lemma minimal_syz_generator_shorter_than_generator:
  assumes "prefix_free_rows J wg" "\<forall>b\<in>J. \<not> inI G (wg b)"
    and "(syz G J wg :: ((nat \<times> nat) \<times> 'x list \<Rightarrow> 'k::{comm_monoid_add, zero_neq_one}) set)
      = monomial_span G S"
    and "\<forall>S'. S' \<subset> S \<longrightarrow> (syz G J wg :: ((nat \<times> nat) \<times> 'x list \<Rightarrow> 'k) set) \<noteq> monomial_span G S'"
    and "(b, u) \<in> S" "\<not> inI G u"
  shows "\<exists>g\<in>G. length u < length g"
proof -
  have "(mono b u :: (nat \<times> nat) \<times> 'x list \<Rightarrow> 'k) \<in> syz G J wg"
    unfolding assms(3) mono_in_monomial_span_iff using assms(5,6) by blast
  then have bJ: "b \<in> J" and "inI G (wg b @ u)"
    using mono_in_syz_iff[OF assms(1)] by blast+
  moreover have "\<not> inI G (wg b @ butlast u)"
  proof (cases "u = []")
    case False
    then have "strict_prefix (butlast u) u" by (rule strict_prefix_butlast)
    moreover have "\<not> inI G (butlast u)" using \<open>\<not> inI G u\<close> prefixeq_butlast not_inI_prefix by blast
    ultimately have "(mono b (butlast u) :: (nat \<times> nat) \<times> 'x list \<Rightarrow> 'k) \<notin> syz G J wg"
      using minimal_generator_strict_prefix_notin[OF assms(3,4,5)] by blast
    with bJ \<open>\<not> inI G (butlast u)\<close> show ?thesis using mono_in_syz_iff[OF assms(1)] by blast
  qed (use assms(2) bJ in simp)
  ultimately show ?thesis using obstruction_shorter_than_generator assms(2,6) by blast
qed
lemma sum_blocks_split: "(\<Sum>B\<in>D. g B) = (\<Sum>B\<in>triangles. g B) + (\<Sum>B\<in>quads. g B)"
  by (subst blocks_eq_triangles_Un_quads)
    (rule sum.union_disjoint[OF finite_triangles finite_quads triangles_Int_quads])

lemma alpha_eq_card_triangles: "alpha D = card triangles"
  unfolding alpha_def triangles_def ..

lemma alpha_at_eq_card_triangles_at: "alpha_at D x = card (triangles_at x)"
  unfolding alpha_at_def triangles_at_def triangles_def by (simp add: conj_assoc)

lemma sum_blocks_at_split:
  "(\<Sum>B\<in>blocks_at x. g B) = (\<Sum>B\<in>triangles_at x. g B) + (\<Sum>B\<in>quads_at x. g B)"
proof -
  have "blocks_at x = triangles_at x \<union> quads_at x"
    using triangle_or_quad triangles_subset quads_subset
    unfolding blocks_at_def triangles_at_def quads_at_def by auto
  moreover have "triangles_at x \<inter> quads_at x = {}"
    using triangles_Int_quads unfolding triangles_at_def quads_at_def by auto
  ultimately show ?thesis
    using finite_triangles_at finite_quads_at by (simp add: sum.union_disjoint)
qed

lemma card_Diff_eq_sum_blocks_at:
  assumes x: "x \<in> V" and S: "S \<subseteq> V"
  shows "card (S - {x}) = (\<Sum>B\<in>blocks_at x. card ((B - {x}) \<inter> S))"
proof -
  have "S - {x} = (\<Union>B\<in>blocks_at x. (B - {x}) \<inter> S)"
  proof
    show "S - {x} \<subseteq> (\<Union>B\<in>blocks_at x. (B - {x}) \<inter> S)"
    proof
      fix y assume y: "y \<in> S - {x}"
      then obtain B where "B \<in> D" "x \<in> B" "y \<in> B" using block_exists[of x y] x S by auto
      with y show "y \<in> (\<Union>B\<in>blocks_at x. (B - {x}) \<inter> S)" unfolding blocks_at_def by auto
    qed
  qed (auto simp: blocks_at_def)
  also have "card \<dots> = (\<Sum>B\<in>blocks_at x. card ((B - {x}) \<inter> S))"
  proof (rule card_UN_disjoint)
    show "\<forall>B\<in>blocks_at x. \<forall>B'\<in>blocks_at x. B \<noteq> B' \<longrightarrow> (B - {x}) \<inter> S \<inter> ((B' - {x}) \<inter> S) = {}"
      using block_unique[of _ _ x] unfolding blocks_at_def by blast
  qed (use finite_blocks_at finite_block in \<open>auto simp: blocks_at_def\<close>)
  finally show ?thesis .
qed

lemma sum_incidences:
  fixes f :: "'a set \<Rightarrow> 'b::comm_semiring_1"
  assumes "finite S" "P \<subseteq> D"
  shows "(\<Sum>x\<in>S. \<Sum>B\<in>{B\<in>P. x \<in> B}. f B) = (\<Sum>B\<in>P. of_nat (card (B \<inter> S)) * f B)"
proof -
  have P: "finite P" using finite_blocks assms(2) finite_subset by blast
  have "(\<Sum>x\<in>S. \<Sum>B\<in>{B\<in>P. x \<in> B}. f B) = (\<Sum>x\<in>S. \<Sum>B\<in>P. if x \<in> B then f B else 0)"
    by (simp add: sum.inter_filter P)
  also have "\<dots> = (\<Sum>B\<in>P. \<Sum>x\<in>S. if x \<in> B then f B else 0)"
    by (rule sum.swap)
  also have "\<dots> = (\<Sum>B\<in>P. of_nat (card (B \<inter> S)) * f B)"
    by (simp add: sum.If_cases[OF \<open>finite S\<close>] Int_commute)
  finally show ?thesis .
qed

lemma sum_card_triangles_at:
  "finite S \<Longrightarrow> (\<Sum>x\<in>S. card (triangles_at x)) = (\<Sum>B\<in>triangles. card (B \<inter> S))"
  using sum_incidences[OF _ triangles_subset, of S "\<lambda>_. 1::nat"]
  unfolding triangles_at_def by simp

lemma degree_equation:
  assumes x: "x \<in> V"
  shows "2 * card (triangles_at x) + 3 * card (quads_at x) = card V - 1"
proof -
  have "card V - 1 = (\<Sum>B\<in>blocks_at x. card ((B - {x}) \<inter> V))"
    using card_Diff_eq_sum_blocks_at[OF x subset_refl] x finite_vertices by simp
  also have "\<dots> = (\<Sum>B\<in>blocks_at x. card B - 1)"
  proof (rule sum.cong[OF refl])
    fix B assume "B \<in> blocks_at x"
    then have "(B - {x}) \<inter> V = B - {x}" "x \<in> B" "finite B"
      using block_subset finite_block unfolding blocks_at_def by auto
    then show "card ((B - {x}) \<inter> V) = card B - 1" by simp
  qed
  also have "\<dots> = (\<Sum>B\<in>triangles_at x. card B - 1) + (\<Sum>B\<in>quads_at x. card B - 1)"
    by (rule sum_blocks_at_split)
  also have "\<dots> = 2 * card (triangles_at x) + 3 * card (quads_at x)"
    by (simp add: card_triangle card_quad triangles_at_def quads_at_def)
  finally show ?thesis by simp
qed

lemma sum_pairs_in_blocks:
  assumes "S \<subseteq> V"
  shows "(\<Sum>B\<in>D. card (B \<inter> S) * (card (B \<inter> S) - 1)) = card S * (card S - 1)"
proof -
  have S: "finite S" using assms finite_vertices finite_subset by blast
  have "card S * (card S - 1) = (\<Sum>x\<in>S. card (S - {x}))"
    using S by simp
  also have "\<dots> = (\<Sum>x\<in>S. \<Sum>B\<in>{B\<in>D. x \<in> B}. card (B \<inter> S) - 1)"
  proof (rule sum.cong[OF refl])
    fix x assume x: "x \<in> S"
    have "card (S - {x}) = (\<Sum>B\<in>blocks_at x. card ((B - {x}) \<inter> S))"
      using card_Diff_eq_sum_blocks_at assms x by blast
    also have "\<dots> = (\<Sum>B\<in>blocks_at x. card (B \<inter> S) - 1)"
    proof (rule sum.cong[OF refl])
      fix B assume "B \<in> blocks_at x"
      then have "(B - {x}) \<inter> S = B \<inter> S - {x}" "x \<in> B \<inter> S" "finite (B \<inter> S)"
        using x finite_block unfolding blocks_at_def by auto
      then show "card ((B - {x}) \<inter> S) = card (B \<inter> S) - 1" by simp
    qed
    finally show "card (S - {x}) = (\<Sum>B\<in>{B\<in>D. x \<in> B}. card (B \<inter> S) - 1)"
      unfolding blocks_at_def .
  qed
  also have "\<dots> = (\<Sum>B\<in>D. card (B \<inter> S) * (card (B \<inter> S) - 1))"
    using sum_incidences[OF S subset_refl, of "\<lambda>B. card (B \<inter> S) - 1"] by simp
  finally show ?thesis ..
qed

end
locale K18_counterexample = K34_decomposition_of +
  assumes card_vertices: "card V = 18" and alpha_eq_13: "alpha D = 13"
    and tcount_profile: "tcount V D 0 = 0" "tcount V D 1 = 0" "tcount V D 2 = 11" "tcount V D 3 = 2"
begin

---------------

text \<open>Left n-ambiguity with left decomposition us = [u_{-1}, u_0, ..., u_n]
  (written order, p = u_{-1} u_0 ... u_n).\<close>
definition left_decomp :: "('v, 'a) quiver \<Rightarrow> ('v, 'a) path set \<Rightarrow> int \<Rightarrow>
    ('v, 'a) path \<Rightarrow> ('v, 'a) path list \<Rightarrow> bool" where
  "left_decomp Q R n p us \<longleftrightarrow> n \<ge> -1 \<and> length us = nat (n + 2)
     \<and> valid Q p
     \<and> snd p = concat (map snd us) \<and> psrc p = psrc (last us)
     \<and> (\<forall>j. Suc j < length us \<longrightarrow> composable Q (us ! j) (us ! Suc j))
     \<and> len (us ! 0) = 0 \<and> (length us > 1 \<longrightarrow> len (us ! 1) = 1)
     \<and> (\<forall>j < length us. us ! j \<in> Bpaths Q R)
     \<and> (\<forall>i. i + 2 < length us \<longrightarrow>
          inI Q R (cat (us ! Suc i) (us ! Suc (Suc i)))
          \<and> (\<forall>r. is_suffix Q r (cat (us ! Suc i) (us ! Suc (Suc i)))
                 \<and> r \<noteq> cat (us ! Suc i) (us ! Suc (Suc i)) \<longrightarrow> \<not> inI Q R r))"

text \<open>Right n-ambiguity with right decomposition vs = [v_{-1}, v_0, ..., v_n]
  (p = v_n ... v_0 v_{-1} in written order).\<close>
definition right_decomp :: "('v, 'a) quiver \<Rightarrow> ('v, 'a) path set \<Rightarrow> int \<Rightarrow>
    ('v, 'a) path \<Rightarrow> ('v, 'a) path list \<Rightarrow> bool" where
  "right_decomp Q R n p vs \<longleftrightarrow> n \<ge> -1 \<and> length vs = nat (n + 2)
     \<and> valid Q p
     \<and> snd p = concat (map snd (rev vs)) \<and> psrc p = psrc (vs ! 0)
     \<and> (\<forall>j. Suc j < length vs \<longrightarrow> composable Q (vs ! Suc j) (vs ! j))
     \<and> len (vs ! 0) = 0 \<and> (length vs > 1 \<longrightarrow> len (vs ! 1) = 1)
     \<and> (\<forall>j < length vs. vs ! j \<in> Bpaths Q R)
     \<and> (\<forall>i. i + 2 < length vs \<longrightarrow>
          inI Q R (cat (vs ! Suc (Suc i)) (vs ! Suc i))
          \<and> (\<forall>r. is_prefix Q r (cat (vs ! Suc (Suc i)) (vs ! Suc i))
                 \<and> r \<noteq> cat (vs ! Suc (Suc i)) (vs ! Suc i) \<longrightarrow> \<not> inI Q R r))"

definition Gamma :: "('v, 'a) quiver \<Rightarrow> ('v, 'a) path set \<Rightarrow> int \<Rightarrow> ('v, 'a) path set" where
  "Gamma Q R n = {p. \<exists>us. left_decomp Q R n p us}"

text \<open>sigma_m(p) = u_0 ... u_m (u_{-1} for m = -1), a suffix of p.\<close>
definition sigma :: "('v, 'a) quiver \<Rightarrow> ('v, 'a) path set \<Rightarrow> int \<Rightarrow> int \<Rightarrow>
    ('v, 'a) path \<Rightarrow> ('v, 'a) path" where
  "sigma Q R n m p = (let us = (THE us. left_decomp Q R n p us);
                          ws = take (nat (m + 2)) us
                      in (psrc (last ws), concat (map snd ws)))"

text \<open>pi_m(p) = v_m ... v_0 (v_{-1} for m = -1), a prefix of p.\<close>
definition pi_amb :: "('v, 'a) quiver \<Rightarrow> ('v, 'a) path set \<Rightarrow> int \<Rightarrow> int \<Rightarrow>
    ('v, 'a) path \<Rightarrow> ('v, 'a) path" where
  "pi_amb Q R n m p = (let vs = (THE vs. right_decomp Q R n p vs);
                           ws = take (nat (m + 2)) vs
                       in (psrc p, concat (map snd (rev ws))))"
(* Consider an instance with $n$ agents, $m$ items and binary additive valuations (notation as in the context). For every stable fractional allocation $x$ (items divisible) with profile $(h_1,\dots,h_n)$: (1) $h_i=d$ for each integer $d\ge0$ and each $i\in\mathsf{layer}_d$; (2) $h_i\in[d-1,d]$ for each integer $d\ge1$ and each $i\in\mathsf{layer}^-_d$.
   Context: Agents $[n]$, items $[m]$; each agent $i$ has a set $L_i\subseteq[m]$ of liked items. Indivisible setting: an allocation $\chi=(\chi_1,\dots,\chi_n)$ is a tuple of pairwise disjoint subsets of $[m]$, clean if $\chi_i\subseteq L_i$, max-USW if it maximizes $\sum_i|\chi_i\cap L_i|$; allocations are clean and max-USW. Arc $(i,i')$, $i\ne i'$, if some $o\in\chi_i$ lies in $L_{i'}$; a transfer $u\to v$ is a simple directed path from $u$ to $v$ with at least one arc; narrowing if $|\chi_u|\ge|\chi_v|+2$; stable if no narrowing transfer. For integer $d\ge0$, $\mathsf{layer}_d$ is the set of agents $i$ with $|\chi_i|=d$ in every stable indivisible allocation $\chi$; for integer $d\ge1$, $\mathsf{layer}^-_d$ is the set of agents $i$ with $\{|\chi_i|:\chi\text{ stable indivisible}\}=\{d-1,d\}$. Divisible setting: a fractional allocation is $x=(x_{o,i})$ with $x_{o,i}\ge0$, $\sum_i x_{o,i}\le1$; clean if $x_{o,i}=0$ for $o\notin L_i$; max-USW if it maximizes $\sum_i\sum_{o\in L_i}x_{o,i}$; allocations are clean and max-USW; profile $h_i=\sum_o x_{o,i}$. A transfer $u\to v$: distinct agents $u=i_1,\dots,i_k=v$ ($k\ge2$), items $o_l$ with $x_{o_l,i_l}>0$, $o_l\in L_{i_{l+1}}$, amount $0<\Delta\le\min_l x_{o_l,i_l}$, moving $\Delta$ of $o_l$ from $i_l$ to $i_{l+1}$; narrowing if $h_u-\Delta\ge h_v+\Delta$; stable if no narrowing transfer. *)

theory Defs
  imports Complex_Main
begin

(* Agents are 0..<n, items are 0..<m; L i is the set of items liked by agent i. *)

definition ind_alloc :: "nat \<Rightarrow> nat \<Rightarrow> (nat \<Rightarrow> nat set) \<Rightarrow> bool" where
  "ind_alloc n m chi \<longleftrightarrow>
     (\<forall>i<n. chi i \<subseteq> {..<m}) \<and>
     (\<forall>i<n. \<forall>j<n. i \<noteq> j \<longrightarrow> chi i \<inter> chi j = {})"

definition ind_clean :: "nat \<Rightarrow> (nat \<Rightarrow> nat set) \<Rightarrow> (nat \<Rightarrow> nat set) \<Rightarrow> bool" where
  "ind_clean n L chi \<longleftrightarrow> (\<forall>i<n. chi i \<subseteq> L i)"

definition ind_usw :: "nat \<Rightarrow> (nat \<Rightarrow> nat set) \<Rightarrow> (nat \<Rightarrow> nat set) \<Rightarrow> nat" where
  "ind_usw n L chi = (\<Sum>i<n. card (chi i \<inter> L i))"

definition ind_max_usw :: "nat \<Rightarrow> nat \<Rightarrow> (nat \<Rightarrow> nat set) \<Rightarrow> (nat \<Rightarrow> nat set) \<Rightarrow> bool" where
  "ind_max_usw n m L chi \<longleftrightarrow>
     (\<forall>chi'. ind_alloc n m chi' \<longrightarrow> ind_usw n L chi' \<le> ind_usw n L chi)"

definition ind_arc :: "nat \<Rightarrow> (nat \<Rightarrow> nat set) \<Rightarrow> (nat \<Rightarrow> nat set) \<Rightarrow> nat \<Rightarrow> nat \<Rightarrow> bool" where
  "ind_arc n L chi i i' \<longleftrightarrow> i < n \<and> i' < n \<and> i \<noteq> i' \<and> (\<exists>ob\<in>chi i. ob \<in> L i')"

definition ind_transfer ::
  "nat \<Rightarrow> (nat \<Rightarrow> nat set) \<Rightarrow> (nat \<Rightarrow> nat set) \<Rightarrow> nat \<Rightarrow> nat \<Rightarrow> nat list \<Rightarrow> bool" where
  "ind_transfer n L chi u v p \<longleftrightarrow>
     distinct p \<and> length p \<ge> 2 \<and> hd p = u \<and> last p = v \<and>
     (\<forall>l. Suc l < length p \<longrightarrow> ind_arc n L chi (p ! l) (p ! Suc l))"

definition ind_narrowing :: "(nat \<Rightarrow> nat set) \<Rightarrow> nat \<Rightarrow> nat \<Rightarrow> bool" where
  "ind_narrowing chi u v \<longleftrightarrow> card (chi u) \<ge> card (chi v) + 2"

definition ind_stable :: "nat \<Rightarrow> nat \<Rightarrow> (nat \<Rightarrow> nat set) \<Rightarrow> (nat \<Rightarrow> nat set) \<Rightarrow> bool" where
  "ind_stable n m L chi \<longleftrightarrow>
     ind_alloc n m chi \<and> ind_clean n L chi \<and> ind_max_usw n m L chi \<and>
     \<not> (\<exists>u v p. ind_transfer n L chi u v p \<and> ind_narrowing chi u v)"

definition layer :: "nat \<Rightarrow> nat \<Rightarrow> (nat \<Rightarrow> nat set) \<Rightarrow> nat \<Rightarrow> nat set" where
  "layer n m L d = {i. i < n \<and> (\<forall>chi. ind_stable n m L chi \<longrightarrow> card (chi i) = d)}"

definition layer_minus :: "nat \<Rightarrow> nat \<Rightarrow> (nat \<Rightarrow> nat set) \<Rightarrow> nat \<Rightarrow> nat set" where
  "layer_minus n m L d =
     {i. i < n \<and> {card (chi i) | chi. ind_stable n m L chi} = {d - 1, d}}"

---------------

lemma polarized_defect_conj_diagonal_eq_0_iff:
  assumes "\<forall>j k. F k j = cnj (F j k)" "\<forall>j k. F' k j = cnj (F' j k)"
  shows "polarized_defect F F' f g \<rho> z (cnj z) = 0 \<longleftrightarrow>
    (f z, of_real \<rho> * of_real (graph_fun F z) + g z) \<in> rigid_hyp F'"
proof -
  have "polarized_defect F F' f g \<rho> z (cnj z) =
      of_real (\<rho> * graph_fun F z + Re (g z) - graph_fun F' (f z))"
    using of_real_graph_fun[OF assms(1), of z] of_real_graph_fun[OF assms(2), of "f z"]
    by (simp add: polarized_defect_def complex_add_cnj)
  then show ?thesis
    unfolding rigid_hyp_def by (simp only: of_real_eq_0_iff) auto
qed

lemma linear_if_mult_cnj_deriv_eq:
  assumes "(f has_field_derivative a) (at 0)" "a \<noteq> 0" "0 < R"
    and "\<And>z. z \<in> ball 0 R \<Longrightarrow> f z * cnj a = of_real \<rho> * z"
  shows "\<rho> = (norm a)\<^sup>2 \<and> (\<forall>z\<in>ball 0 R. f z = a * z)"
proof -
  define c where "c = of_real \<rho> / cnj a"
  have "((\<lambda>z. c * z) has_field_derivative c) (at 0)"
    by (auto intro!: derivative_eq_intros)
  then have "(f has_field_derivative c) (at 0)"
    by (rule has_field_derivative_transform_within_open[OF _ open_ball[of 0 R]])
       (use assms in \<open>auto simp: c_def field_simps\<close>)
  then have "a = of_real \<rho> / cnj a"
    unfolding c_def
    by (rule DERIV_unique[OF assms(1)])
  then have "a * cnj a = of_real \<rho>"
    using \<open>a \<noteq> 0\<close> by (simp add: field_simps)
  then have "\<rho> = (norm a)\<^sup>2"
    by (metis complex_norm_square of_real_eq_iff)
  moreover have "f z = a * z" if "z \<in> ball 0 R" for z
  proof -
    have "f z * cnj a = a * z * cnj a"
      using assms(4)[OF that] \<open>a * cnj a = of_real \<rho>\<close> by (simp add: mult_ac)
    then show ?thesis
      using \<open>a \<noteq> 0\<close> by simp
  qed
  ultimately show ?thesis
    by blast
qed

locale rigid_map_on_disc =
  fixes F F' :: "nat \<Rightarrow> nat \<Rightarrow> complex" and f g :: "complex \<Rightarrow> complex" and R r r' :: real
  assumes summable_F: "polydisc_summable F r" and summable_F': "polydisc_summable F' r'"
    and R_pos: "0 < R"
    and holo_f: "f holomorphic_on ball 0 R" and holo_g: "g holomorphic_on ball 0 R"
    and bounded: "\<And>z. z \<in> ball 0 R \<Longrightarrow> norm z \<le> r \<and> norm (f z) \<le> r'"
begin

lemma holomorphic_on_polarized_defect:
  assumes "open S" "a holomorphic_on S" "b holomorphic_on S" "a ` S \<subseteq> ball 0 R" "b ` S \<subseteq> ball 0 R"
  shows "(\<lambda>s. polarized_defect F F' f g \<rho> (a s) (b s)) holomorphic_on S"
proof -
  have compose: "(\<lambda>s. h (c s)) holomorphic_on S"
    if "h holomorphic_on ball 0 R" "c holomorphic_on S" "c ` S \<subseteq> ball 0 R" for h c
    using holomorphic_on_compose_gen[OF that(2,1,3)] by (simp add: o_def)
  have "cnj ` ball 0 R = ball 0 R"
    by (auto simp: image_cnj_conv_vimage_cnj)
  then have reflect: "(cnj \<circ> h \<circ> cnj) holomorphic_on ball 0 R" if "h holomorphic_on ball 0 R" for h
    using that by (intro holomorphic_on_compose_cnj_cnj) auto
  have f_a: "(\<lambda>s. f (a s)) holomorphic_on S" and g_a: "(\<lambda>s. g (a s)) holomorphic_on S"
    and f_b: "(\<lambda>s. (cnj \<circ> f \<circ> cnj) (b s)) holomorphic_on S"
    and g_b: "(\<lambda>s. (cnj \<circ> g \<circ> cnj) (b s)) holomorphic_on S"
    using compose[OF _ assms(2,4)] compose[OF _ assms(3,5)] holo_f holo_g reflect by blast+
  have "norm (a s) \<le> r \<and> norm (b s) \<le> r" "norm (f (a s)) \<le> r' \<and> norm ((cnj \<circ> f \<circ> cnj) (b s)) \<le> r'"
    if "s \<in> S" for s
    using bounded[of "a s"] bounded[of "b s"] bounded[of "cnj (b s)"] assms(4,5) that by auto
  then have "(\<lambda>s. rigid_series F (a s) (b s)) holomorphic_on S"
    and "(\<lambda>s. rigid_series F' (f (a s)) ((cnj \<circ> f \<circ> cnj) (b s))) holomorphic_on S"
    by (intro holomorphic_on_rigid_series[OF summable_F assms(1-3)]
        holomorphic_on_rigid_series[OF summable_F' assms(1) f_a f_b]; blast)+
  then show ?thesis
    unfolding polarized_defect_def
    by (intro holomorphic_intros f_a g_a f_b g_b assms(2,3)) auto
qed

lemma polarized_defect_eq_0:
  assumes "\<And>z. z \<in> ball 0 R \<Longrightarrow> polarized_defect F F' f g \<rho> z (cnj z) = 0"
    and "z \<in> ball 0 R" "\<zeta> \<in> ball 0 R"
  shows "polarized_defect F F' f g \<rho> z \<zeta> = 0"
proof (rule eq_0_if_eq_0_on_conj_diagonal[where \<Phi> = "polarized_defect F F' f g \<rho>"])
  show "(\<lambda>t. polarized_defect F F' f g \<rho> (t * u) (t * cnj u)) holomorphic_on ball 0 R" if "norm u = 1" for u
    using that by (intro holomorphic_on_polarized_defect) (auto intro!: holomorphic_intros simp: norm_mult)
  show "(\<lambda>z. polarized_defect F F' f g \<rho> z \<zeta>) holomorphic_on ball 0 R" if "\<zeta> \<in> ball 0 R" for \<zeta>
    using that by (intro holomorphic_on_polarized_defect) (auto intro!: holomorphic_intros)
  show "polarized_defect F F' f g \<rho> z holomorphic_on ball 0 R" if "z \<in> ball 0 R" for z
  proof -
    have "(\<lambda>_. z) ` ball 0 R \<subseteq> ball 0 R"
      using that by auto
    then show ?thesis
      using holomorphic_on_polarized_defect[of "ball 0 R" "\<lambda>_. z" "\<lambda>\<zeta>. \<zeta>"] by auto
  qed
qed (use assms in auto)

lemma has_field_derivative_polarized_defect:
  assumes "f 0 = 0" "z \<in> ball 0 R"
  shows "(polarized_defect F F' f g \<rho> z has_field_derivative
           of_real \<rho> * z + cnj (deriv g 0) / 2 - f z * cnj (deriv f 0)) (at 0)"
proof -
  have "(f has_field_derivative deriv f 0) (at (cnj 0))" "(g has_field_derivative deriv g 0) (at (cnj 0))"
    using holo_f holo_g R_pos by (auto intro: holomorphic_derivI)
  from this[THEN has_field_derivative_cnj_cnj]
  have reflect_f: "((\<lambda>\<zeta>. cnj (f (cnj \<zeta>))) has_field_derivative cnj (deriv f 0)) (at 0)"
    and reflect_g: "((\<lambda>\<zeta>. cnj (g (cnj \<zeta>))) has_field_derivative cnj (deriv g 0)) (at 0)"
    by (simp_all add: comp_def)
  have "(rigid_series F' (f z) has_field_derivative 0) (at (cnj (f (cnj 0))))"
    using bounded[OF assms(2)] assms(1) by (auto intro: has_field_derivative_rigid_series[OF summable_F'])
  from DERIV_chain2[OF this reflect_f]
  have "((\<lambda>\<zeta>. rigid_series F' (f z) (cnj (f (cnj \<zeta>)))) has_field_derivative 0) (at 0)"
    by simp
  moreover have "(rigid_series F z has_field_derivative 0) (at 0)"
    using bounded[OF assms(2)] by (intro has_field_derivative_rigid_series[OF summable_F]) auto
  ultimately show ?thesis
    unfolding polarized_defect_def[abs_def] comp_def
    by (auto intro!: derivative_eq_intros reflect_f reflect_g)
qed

---------------

[WHAT TO DO] Return the span of lines in the data above that opens at the line with "h \<circ> cnj)" and closes at the line with "using compose[OF _", exactly, ends included, nothing else.

[OUTPUT FOR THIS EXERCISE]
  then have reflect: "(cnj \<circ> h \<circ> cnj) holomorphic_on ball 0 R" if "h holomorphic_on ball 0 R" for h
    using that by (intro holomorphic_on_compose_cnj_cnj) auto
  have f_a: "(\<lambda>s. f (a s)) holomorphic_on S" and g_a: "(\<lambda>s. g (a s)) holomorphic_on S"
    and f_b: "(\<lambda>s. (cnj \<circ> f \<circ> cnj) (b s)) holomorphic_on S"
    and g_b: "(\<lambda>s. (cnj \<circ> g \<circ> cnj) (b s)) holomorphic_on S"
    using compose[OF _ assms(2,4)] compose[OF _ assms(3,5)] holo_f holo_g reflect by blast+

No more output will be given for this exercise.